Летчик, морской авиации старший лейтенант Зосимов возвращался с удачной разведки. Над ним висело густосинее на высоте, безоблачное небо. Приподняв над козырьком кабины разгоряченную, согретую кожаным летным шлемом голову, он с наслаждением освежался в вихревой прохладе ветра. Зосимов шел на малой высоте вдоль четкой желтенькой ниточки лесной дороги. Высунув еще раз лицо из-за козырька, Зосимов заметил впереди по курсу, несколько повыше себя, фашистский бомбардировщик, Юнкерс-88. Зосимов прибавил газу, увеличил шаг винта и помчался за врагом. Немного понадобилось времени, чтобы догнать его и открыть огонь. Одну за другой совершал смелые атаки Зосимов. На шестом заходе он с удовлетворением заметил, что один из двух юнкерсовских моторов задымил, хотя и продолжал работать.
Громадный Юнкерс несся по прежнему курсу, юлил и слабо отстреливался. По каким-то соображениям он избегал боя и, очевидно, не придавал серьезного значения маленькому, пылкому ястребку. Неожиданно Юнкерс свернул с курса и лег на новый, прямой.
«Неспроста», — подумал Зосимов и внимательно глянул на землю. Все стало понятным. Внизу, на дороге отчетливо рисовалась длинная колонна наших войск и грузовых машин.
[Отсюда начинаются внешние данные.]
(* Consider the opinion--action model described in the context with $\phi\in(0,1)$ and arbitrary initial values, and its augmented state matrices $P(t)$. Then for every $t\ge1$, the digraph $\mathcal{G}(P(t))$ has one of the following structures: (i) it is strongly connected; (ii) its condensation digraph consists of one sink and one or more singleton sources.
   Context: Fix an integer $n\ge 1$, agent set $\mathcal{V}=\{1,\dots,n\}$, a confidence threshold $\epsilon\in[0,1]$ and a decision weight $\phi\in[0,1]$. Each agent $i$ has opinion $x_i(t)\in[0,1]$ and action $y_i(t)\in[0,1]$. For $t\in\mathbb{Z}_{\ge0}$ the model evolves by: $\mathcal{N}_i(t)=\{j\in\mathcal{V}\mid j\neq i,\ |x_i(t)-y_j(t)|\le\epsilon\}$; $x_i(t+1)=\frac{x_i(t)+\sum_{j\in\mathcal{N}_i(t)}y_j(t)}{|\mathcal{N}_i(t)|+1}$; $y_i(t+1)=\phi\,x_i(t+1)+(1-\phi)\,y_{\mathrm{avg}}(t)$ with $y_{\mathrm{avg}}(t)=\frac1n\sum_{k=1}^n y_k(t)$. For $t\ge1$, $P(t)=\begin{bmatrix}P_{11}(t)&P_{12}(t)\\ P_{21}&P_{22}\end{bmatrix}\in\mathbb{R}^{2n\times2n}$ with $n\times n$ blocks: $[P_{11}(t)]_{ij}=\frac{1}{|\mathcal{N}_i(t)|+1}$ if $j=i$, $\frac{\phi}{|\mathcal{N}_i(t)|+1}$ if $j\in\mathcal{N}_i(t)$, and $0$ otherwise; $[P_{12}(t)]_{ij}=\frac{(1-\phi)|\mathcal{N}_i(t)|}{(|\mathcal{N}_i(t)|+1)n}$ for all $i,j$; $P_{21}=\phi I_n$; $P_{22}=\frac{1-\phi}{n}\mathbf{1}_n\mathbf{1}_n^\top$. (With $z_i(t)=x_i(t)$, $z_{n+i}(t)=y_i(t-1)$ one has $\mathbf{z}(t+1)=P(t)\mathbf{z}(t)$.) For a nonnegative matrix $A\in\mathbb{R}^{m\times m}$, $\mathcal{G}(A)$ is the digraph on $\{1,\dots,m\}$ with a directed edge $(j,i)$ (from $j$ to $i$) iff $a_{ij}>0$. A strongly connected component (SCC) is a maximal strongly connected subgraph; the condensation digraph has the SCCs as nodes and an edge from SCC$_a$ to SCC$_b$ ($a\neq b$) iff some node of SCC$_a$ has an edge to some node of SCC$_b$. A source is a node with no incoming edges, a sink a node with no outgoing edges; a singleton SCC has exactly one node. *)

theory Defs
  imports Complex_Main
begin

text \<open>Agents are indexed 0,...,n-1 (the paper uses 1,...,n).
  Opinions and actions are trajectories  x, y :: nat => nat => real,
  with x t i the opinion of agent i at time t.\<close>

definition nbrs :: "nat \<Rightarrow> real \<Rightarrow> (nat \<Rightarrow> nat \<Rightarrow> real) \<Rightarrow> (nat \<Rightarrow> nat \<Rightarrow> real)
                     \<Rightarrow> nat \<Rightarrow> nat \<Rightarrow> nat set" where
  "nbrs n \<epsilon> x y t i = {j. j < n \<and> j \<noteq> i \<and> \<bar>x t i - y t j\<bar> \<le> \<epsilon>}"

definition oa_model :: "nat \<Rightarrow> real \<Rightarrow> real \<Rightarrow> (nat \<Rightarrow> nat \<Rightarrow> real) \<Rightarrow> (nat \<Rightarrow> nat \<Rightarrow> real) \<Rightarrow> bool" where
  "oa_model n \<epsilon> \<phi> x y \<longleftrightarrow>
     (\<forall>t. \<forall>i<n.
        x (Suc t) i = (x t i + (\<Sum>j\<in>nbrs n \<epsilon> x y t i. y t j)) / (real (card (nbrs n \<epsilon> x y t i)) + 1)
      \<and> y (Suc t) i = \<phi> * x (Suc t) i + (1 - \<phi>) * ((\<Sum>k<n. y t k) / real n))"

text \<open>The augmented 2n x 2n state matrix P(t), indices 0..2n-1; entry (i,j).
  Rows/columns 0..n-1 correspond to x, rows/columns n..2n-1 to y(t-1).\<close>
definition Pmat :: "nat \<Rightarrow> real \<Rightarrow> real \<Rightarrow> (nat \<Rightarrow> nat \<Rightarrow> real) \<Rightarrow> (nat \<Rightarrow> nat \<Rightarrow> real)
                     \<Rightarrow> nat \<Rightarrow> nat \<Rightarrow> nat \<Rightarrow> real" where
  "Pmat n \<epsilon> \<phi> x y t i j =
     (let N = nbrs n \<epsilon> x y t i in
      if i < n \<and> j < n then
        (if j = i then 1 / (real (card N) + 1)
         else if j \<in> N then \<phi> / (real (card N) + 1) else 0)
      else if i < n \<and> n \<le> j \<and> j < 2*n then
        (1 - \<phi>) * real (card N) / ((real (card N) + 1) * real n)
      else if n \<le> i \<and> i < 2*n \<and> j < n then
        (if j = i - n then \<phi> else 0)
      else if n \<le> i \<and> i < 2*n \<and> n \<le> j \<and> j < 2*n then
        (1 - \<phi>) / real n
      else 0)"

definition gedges :: "nat \<Rightarrow> (nat \<Rightarrow> nat \<Rightarrow> real) \<Rightarrow> (nat \<times> nat) set" where
  "gedges m A = {(j, i). j < m \<and> i < m \<and> A i j > 0}"

definition strongly_connected_mat :: "nat \<Rightarrow> (nat \<Rightarrow> nat \<Rightarrow> real) \<Rightarrow> bool" where
  "strongly_connected_mat m A \<longleftrightarrow> (\<forall>u<m. \<forall>v<m. (u, v) \<in> (gedges m A)\<^sup>*)"

definition scc_of :: "nat \<Rightarrow> (nat \<Rightarrow> nat \<Rightarrow> real) \<Rightarrow> nat \<Rightarrow> nat set" where
  "scc_of m A v = {u. u < m \<and> (u, v) \<in> (gedges m A)\<^sup>* \<and> (v, u) \<in> (gedges m A)\<^sup>*}"

definition sccs :: "nat \<Rightarrow> (nat \<Rightarrow> nat \<Rightarrow> real) \<Rightarrow> nat set set" where
  "sccs m A = scc_of m A ` {..<m}"

definition cond_edge :: "nat \<Rightarrow> (nat \<Rightarrow> nat \<Rightarrow> real) \<Rightarrow> nat set \<Rightarrow> nat set \<Rightarrow> bool" where
  "cond_edge m A C1 C2 \<longleftrightarrow> C1 \<noteq> C2 \<and> (\<exists>a\<in>C1. \<exists>b\<in>C2. (a, b) \<in> gedges m A)"

definition cond_source :: "nat \<Rightarrow> (nat \<Rightarrow> nat \<Rightarrow> real) \<Rightarrow> nat set \<Rightarrow> bool" where
  "cond_source m A C \<longleftrightarrow> C \<in> sccs m A \<and> \<not> (\<exists>D\<in>sccs m A. cond_edge m A D C)"

definition cond_sink :: "nat \<Rightarrow> (nat \<Rightarrow> nat \<Rightarrow> real) \<Rightarrow> nat set \<Rightarrow> bool" where
  "cond_sink m A C \<longleftrightarrow> C \<in> sccs m A \<and> \<not> (\<exists>D\<in>sccs m A. cond_edge m A C D)"

definition one_sink_singleton_sources :: "nat \<Rightarrow> (nat \<Rightarrow> nat \<Rightarrow> real) \<Rightarrow> bool" where
  "one_sink_singleton_sources m A \<longleftrightarrow>
     (\<exists>S. cond_sink m A S \<and>
          sccs m A - {S} \<noteq> {} \<and>
          (\<forall>C\<in>sccs m A - {S}. cond_source m A C \<and> card C = 1))"

end

theory Submission
  imports Defs
begin

text \<open>The positivity pattern of P(t) does not depend on the trajectory (only n \<ge> 1 and
  0 < \<phi> < 1 are needed). All action nodes n, ..., 2n-1 are joined to each other (weight
  (1 - \<phi>)/n), opinion node i feeds action node n+i (weight \<phi>), and the action nodes feed
  every agent with a nonempty neighbourhood. So the action nodes together with those agents
  form one strongly connected set. An agent with empty neighbourhood receives only its
  self-loop, so it is a singleton source of the condensation digraph, and the strongly
  connected set is its unique sink.\<close>

lemma rtrancl_into_loop_only:
  assumes "(a, i) \<in> r\<^sup>*" and "\<And>j. (j, i) \<in> r \<Longrightarrow> j = i"
  shows "a = i"
  using assms(1) by (induction rule: converse_rtrancl_induct) (auto dest: assms(2))

locale core_with_sources =
  fixes m :: nat and A :: "nat \<Rightarrow> nat \<Rightarrow> real" and S :: "nat set"
  assumes core_subset: "S \<subseteq> {..<m}"
    and core_nonempty: "S \<noteq> {}"
    and core_connected: "\<And>u v. u \<in> S \<Longrightarrow> v \<in> S \<Longrightarrow> (u, v) \<in> (gedges m A)\<^sup>*"
    and inedge_outside_core: "\<And>i j. i < m \<Longrightarrow> i \<notin> S \<Longrightarrow> (j, i) \<in> gedges m A \<Longrightarrow> j = i"
begin

lemma reach_outside_core:
  assumes "i < m" "i \<notin> S" "(a, i) \<in> (gedges m A)\<^sup>*"
  shows "a = i"
  using assms(3) by (rule rtrancl_into_loop_only) (use assms inedge_outside_core in blast)

lemma scc_of_core:
  assumes "v \<in> S"
  shows "scc_of m A v = S"
proof
  show "scc_of m A v \<subseteq> S"
  proof
    fix u assume u: "u \<in> scc_of m A v"
    show "u \<in> S"
    proof (rule ccontr)
      assume "u \<notin> S"
      with u have "v = u" using reach_outside_core unfolding scc_of_def by blast
      with \<open>u \<notin> S\<close> assms show False by simp
    qed
  qed
  show "S \<subseteq> scc_of m A v"
    using assms core_connected core_subset unfolding scc_of_def by auto
qed

lemma scc_of_outside_core:
  assumes "i < m" "i \<notin> S"
  shows "scc_of m A i = {i}"
  using assms reach_outside_core unfolding scc_of_def by auto

lemma sccs_eq: "sccs m A = insert S ((\<lambda>i. {i}) ` ({..<m} - S))"
proof -
  obtain v where "v \<in> S" using core_nonempty by blast
  have "{..<m} = S \<union> ({..<m} - S)" using core_subset by blast
  then have "sccs m A = scc_of m A ` S \<union> scc_of m A ` ({..<m} - S)"
    unfolding sccs_def by (metis image_Un)
  also have "scc_of m A ` S = {S}"
    using \<open>v \<in> S\<close> by (auto simp: scc_of_core)
  also have "scc_of m A ` ({..<m} - S) = (\<lambda>i. {i}) ` ({..<m} - S)"
    by (rule image_cong) (auto simp: scc_of_outside_core)
  finally show ?thesis by simp
qed

lemma no_cond_edge_into_outside_core:
  assumes "C \<in> sccs m A" "i < m" "i \<notin> S" "cond_edge m A C {i}"
  shows False
proof -
  from assms(4) obtain a where "C \<noteq> {i}" "a \<in> C" "(a, i) \<in> gedges m A"
    unfolding cond_edge_def by blast
  then have "i \<in> C" using assms(2,3) inedge_outside_core by blast
  with assms(1,3) \<open>C \<noteq> {i}\<close> show False unfolding sccs_eq by blast
qed

lemma cond_sink_core: "cond_sink m A S"
  unfolding cond_sink_def
proof
  show "S \<in> sccs m A" by (simp add: sccs_eq)
  show "\<not> (\<exists>D\<in>sccs m A. cond_edge m A S D)"
  proof
    assume "\<exists>D\<in>sccs m A. cond_edge m A S D"
    then obtain D where "D \<in> sccs m A" "cond_edge m A S D" by blast
    moreover from this have "D \<noteq> S" by (auto simp: cond_edge_def)
    ultimately obtain i where "i < m" "i \<notin> S" "cond_edge m A S {i}"
      unfolding sccs_eq by blast
    with \<open>S \<in> sccs m A\<close> show False by (rule no_cond_edge_into_outside_core)
  qed
qed

lemma cond_source_outside_core:
  assumes "i < m" "i \<notin> S"
  shows "cond_source m A {i}"
proof -
  have "{i} \<in> sccs m A" using assms by (simp add: sccs_eq)
  then show ?thesis
    unfolding cond_source_def using assms no_cond_edge_into_outside_core by blast
qed

lemma strongly_connected_or_one_sink_singleton_sources:
  "strongly_connected_mat m A \<or> one_sink_singleton_sources m A"
proof (cases "S = {..<m}")
  case True
  then show ?thesis
    unfolding strongly_connected_mat_def using core_connected by (simp add: True)
next
  case False
  have "one_sink_singleton_sources m A"
    unfolding one_sink_singleton_sources_def
  proof (intro exI conjI ballI)
    show "cond_sink m A S" by (rule cond_sink_core)
    obtain i where "i < m" "i \<notin> S" using False core_subset by blast
    then show "sccs m A - {S} \<noteq> {}" unfolding sccs_eq by blast
  next
    fix C assume "C \<in> sccs m A - {S}"
    then obtain i where "i < m" "i \<notin> S" "C = {i}" unfolding sccs_eq by blast
    then show "cond_source m A C" "card C = 1" by (simp_all add: cond_source_outside_core)
  qed
  then show ?thesis ..
qed

end

definition Pmat_core :: "nat \<Rightarrow> real \<Rightarrow> (nat \<Rightarrow> nat \<Rightarrow> real) \<Rightarrow> (nat \<Rightarrow> nat \<Rightarrow> real)
                          \<Rightarrow> nat \<Rightarrow> nat set" where
  "Pmat_core n \<epsilon> x y t = {n..<2*n} \<union> {i. i < n \<and> nbrs n \<epsilon> x y t i \<noteq> {}}"

lemma finite_nbrs: "finite (nbrs n \<epsilon> x y t i)"
  unfolding nbrs_def by (rule finite_subset[of _ "{..<n}"]) auto

lemma Pmat_edge_action_action:
  assumes "\<phi> < 1" "n \<le> u" "u < 2*n" "n \<le> v" "v < 2*n"
  shows "(u, v) \<in> gedges (2*n) (Pmat n \<epsilon> \<phi> x y t)"
  using assms unfolding gedges_def Pmat_def Let_def by auto

lemma Pmat_edge_opinion_action:
  assumes "0 < \<phi>" "i < n"
  shows "(i, n + i) \<in> gedges (2*n) (Pmat n \<epsilon> \<phi> x y t)"
  using assms unfolding gedges_def Pmat_def Let_def by auto

lemma Pmat_edge_action_opinion:
  assumes "\<phi> < 1" "n \<le> u" "u < 2*n" "i < n" "nbrs n \<epsilon> x y t i \<noteq> {}"
  shows "(u, i) \<in> gedges (2*n) (Pmat n \<epsilon> \<phi> x y t)"
proof -
  have "card (nbrs n \<epsilon> x y t i) > 0"
    using assms(5) finite_nbrs by (simp add: card_gt_0_iff)
  then show ?thesis
    using assms unfolding gedges_def Pmat_def Let_def by (auto simp: zero_less_mult_iff)
qed

lemma Pmat_inedge_isolated_agent:
  assumes "i < n" "nbrs n \<epsilon> x y t i = {}" "(j, i) \<in> gedges (2*n) (Pmat n \<epsilon> \<phi> x y t)"
  shows "j = i"
  using assms unfolding gedges_def Pmat_def Let_def by (auto split: if_splits)

lemma Pmat_core_connected:
  assumes "0 < \<phi>" "\<phi> < 1" "u \<in> Pmat_core n \<epsilon> x y t" "v \<in> Pmat_core n \<epsilon> x y t"
  shows "(u, v) \<in> (gedges (2*n) (Pmat n \<epsilon> \<phi> x y t))\<^sup>*"
proof -
  let ?G = "gedges (2*n) (Pmat n \<epsilon> \<phi> x y t)"
  have "n > 0" using assms(3) unfolding Pmat_core_def by auto
  have "(u, n) \<in> ?G\<^sup>*"
  proof (cases "u < n")
    case True
    then have "(u, n + u) \<in> ?G" "(n + u, n) \<in> ?G"
      using assms Pmat_edge_opinion_action Pmat_edge_action_action by auto
    then show ?thesis by (meson r_into_rtrancl rtrancl_into_rtrancl)
  next
    case False
    then show ?thesis using assms \<open>n > 0\<close> Pmat_edge_action_action[of \<phi> n u n]
      unfolding Pmat_core_def by auto
  qed
  moreover have "(n, v) \<in> ?G"
    using assms \<open>n > 0\<close> Pmat_edge_action_action[of \<phi> n n v] Pmat_edge_action_opinion[of \<phi> n n v]
    unfolding Pmat_core_def by (cases "v < n") auto
  ultimately show ?thesis by (rule rtrancl_into_rtrancl)
qed

theorem theorem2:
  fixes n t :: nat and \<epsilon> \<phi> :: real and x y :: "nat \<Rightarrow> nat \<Rightarrow> real"
  assumes "n \<ge> 1"
    and "0 \<le> \<epsilon>" and "\<epsilon> \<le> 1"
    and "0 < \<phi>" and "\<phi> < 1"
    and "\<forall>i<n. 0 \<le> x 0 i \<and> x 0 i \<le> 1 \<and> 0 \<le> y 0 i \<and> y 0 i \<le> 1"
    and "oa_model n \<epsilon> \<phi> x y"
    and "t \<ge> 1"
  shows "strongly_connected_mat (2*n) (Pmat n \<epsilon> \<phi> x y t)
       \<or> one_sink_singleton_sources (2*n) (Pmat n \<epsilon> \<phi> x y t)"
proof -
  interpret core_with_sources "2*n" "Pmat n \<epsilon> \<phi> x y t" "Pmat_core n \<epsilon> x y t"
  proof
    show "Pmat_core n \<epsilon> x y t \<subseteq> {..<2*n}" unfolding Pmat_core_def by auto
    show "Pmat_core n \<epsilon> x y t \<noteq> {}" using \<open>n \<ge> 1\<close> unfolding Pmat_core_def by auto
    show "(u, v) \<in> (gedges (2*n) (Pmat n \<epsilon> \<phi> x y t))\<^sup>*"
      if "u \<in> Pmat_core n \<epsilon> x y t" "v \<in> Pmat_core n \<epsilon> x y t" for u v
      using Pmat_core_connected \<open>0 < \<phi>\<close> \<open>\<phi> < 1\<close> that .
    show "j = i" if "i < 2*n" "i \<notin> Pmat_core n \<epsilon> x y t"
      "(j, i) \<in> gedges (2*n) (Pmat n \<epsilon> \<phi> x y t)" for i j
    proof -
      have "i < n" "nbrs n \<epsilon> x y t i = {}" using that(1,2) unfolding Pmat_core_def by auto
      then show ?thesis using that(3) by (rule Pmat_inedge_isolated_agent)
    qed
  qed
  show ?thesis by (rule strongly_connected_or_one_sink_singleton_sources)
qed

end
Наглый немец откровенно пошел на снижение прямо к дороге, не скрывая своих намерений обрушиться на колонну. Напряженно и быстро роились мысли в голове молодого летчики. Он сознавал, что сбить врага при следующей атаке не так-то просто. Но одна минута промедления — и враг сбросит свои убийственный груз на колонну. По скорости движения противника, по его разворотам и тактике Зосимову было ясно, что Юнкерс еще не опорожнил своего бомбового чрева, иначе мощный, сильно вооруженный, он не уклонялся бы от боя с маленьким, одноместным ястребком.
Придя к таким логическим выводам, Зосимов понял, что единственный путь для предотвращения нападения и бомбежки колонны — это таран, и притом молниеносный.
В иной, более благоприятной обстановке Зосимов постарался бы налететь на противника с хвоста и обрубить его винтом. Но сейчас это было невозможно, так как в предыдущей атаке его вынесло с разбега, и он проскочил несколько вперед. Разворачиваться и заходить снова с хвоста не было времени, ибо Юнкерс уже выходил на дорогу, где двигалась наша колонна. Оставался только лобовой удар, не оставляющий самому летчику почти никаких надежд на спасение.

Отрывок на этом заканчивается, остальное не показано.